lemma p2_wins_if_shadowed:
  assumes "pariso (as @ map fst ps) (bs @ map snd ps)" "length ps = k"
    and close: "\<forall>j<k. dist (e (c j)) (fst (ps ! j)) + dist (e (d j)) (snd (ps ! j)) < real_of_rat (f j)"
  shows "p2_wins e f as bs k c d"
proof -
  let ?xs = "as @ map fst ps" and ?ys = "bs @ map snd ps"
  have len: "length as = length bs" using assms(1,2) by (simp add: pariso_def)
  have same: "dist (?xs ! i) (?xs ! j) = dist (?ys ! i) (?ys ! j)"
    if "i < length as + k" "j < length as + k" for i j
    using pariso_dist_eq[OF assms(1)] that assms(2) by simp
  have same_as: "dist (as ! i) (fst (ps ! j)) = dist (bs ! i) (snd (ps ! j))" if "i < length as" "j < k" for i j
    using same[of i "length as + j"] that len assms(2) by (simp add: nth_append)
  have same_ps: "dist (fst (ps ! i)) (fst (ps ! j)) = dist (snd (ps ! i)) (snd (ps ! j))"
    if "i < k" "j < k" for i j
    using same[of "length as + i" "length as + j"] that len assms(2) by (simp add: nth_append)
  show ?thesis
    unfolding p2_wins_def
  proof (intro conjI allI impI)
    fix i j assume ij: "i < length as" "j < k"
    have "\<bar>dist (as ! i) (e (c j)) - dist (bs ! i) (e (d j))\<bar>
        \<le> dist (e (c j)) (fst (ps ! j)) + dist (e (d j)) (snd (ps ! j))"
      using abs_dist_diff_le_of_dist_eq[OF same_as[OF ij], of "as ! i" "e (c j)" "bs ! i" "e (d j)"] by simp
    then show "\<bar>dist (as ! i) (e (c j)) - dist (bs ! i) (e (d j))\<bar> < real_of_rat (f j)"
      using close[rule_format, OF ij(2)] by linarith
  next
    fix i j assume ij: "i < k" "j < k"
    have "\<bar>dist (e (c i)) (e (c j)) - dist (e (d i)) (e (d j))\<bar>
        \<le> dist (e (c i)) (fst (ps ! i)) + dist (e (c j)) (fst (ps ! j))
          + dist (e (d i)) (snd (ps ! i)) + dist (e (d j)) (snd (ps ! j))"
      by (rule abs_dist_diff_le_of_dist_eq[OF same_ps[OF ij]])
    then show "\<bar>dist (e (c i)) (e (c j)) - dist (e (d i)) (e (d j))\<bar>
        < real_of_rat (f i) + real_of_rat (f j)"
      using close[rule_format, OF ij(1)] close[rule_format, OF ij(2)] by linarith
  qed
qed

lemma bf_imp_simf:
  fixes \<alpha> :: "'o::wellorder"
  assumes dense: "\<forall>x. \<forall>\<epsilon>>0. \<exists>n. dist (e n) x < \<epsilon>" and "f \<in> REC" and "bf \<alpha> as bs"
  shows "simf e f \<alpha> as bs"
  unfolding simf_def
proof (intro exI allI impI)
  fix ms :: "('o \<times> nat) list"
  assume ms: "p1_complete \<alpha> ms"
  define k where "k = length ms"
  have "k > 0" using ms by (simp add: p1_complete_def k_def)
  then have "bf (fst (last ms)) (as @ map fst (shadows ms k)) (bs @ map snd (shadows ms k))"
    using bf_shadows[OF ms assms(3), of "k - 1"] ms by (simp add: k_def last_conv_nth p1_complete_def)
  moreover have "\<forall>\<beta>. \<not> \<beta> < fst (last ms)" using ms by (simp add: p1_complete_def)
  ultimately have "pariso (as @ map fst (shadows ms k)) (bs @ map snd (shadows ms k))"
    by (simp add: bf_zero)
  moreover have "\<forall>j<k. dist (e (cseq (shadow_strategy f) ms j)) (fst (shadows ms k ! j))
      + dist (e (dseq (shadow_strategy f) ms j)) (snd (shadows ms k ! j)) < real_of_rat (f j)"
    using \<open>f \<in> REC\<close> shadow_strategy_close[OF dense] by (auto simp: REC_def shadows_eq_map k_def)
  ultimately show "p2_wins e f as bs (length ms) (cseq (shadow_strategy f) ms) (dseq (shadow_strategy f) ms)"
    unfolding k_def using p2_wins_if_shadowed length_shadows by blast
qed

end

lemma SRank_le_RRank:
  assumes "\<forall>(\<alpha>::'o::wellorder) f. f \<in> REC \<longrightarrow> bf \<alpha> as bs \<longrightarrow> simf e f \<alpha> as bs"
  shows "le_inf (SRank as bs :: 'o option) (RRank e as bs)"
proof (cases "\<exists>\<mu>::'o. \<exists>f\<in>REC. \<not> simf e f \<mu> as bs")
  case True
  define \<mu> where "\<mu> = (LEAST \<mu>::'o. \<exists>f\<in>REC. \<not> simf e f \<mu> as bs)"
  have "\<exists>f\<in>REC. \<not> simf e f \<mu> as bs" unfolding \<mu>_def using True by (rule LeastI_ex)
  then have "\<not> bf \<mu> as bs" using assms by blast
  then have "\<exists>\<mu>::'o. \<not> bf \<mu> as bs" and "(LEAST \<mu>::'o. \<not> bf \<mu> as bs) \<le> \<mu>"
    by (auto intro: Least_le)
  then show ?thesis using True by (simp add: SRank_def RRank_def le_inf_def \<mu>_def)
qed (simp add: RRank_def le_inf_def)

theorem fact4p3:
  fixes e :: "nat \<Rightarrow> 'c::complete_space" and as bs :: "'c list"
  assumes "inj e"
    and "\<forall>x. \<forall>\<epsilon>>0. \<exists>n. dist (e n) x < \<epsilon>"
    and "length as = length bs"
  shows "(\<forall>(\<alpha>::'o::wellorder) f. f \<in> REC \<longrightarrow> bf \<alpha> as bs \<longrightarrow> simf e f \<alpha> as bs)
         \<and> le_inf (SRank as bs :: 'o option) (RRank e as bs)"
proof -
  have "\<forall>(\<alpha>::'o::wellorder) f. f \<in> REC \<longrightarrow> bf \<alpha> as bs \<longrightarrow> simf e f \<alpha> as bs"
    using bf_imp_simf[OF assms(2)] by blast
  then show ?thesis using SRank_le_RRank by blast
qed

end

(AIM OF THE EXERCISE)
The answer consists of every line above in which the word "dseq" occurs.

(SOLUTION FOR THIS TASK)
      + dist (e (dseq (shadow_strategy f) ms j)) (snd (shadows ms k ! j)) < real_of_rat (f j)"
  ultimately show "p2_wins e f as bs (length ms) (cseq (shadow_strategy f) ms) (dseq (shadow_strategy f) ms)"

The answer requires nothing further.